### [WORK REQUIRED]
Within the records below, filter for lines carrying the word "Longrightarrow" and copy them.

### [EXERCISE MATERIAL]
========
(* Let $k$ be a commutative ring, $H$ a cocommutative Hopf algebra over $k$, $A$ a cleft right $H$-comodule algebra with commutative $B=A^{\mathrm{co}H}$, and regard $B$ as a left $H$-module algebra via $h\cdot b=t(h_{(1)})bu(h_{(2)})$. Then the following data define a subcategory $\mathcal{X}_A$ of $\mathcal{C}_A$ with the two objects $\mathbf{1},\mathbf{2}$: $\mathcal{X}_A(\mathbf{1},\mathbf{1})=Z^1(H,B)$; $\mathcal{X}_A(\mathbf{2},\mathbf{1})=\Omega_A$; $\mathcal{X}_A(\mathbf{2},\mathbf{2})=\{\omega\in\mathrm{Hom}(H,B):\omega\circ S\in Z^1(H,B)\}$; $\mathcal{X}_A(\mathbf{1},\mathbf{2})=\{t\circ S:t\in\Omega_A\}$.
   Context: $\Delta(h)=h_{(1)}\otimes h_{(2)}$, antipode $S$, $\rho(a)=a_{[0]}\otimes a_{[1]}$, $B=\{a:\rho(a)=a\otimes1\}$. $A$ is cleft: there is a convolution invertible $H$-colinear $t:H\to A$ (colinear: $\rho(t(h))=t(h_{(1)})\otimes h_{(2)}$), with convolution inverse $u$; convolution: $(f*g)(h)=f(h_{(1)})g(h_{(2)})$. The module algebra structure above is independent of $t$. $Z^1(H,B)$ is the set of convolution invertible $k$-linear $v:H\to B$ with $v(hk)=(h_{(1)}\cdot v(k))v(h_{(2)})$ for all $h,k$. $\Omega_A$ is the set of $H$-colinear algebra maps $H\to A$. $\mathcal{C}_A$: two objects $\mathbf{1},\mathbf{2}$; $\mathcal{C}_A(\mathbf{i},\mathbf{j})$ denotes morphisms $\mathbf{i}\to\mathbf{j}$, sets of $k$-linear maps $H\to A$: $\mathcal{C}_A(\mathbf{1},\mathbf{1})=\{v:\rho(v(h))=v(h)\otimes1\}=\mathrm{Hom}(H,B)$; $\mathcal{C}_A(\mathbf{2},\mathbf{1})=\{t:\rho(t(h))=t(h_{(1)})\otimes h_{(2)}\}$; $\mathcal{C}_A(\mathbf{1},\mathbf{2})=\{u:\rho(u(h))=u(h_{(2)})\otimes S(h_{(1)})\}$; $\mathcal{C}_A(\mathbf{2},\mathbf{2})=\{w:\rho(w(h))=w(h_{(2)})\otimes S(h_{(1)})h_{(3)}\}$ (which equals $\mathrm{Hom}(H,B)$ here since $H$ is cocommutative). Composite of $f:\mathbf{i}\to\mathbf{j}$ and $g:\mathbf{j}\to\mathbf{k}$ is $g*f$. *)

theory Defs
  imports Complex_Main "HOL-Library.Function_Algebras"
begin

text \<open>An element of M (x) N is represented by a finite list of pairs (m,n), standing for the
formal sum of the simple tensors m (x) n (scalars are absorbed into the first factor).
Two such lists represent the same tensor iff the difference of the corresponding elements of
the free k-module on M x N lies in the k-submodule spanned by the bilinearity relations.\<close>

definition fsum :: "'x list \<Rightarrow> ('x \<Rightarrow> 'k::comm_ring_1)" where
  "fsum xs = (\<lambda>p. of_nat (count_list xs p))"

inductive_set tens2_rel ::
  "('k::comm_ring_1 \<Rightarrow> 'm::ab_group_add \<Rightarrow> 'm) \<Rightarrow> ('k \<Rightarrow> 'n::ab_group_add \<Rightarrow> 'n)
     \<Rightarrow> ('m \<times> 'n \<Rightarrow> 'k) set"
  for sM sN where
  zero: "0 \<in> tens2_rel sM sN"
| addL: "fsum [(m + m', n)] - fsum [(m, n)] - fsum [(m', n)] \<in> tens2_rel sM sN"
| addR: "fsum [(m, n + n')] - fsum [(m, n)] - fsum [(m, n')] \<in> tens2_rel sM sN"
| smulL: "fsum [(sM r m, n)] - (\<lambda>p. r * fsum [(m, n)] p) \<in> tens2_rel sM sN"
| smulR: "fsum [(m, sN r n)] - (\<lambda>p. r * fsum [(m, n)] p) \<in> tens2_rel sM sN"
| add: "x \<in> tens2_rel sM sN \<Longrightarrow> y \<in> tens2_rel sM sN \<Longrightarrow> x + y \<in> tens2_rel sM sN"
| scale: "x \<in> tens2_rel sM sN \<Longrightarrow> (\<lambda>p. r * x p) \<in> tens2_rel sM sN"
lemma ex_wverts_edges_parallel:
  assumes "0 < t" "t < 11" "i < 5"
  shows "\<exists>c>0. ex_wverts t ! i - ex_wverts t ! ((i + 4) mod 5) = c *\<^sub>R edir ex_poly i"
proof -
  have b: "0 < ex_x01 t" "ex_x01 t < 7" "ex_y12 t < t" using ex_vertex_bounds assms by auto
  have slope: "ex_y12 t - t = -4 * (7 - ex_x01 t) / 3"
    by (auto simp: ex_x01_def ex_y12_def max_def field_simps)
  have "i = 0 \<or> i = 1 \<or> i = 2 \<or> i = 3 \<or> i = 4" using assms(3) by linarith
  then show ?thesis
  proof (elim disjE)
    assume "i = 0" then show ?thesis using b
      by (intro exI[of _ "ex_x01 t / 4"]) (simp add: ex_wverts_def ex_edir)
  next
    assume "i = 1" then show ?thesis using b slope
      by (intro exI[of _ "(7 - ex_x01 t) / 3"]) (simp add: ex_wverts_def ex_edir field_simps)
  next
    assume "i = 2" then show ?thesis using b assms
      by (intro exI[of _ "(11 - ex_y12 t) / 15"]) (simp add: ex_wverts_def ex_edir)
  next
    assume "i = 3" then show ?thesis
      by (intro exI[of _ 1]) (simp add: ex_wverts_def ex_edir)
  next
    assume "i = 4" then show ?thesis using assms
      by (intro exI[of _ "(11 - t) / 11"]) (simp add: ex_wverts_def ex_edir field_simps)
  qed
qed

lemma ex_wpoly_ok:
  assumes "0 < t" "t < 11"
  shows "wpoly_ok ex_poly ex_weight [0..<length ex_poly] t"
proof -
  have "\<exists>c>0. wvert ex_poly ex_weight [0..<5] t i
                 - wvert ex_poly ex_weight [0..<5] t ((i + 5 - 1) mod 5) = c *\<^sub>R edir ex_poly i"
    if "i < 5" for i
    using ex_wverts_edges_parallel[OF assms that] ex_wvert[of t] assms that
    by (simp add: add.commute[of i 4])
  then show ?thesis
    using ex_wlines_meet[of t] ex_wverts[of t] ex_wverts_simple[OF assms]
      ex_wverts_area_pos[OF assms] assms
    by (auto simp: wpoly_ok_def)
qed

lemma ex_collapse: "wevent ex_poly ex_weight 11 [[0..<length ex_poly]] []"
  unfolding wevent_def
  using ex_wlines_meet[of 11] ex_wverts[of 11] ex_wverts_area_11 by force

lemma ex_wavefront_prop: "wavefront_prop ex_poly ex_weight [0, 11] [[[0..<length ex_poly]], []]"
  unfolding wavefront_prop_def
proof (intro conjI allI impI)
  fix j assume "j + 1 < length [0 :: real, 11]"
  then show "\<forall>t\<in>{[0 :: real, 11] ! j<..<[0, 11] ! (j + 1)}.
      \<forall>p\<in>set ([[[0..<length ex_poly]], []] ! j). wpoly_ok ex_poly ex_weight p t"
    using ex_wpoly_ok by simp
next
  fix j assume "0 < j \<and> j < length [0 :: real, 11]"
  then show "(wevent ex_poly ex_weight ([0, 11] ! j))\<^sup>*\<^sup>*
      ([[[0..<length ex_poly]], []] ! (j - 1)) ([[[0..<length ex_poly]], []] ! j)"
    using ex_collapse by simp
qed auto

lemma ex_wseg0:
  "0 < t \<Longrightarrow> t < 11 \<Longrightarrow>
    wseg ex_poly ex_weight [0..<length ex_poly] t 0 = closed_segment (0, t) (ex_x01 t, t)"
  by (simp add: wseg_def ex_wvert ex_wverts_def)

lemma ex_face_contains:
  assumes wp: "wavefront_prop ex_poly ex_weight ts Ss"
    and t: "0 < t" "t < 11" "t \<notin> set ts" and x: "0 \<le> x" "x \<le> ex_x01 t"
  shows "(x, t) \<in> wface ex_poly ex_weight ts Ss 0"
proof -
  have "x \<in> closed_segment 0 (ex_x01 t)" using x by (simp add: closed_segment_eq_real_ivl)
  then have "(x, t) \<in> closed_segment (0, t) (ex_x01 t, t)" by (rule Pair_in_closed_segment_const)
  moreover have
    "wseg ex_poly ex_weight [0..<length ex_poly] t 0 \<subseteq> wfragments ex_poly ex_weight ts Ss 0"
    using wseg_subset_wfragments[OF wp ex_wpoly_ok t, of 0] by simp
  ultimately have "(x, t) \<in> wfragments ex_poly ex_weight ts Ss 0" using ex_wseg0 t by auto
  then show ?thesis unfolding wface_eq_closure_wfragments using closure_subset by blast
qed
========
### [RESULT FOR THIS TASK]
| add: "x \<in> tens2_rel sM sN \<Longrightarrow> y \<in> tens2_rel sM sN \<Longrightarrow> x + y \<in> tens2_rel sM sN"
| scale: "x \<in> tens2_rel sM sN \<Longrightarrow> (\<lambda>p. r * x p) \<in> tens2_rel sM sN"
  "0 < t \<Longrightarrow> t < 11 \<Longrightarrow>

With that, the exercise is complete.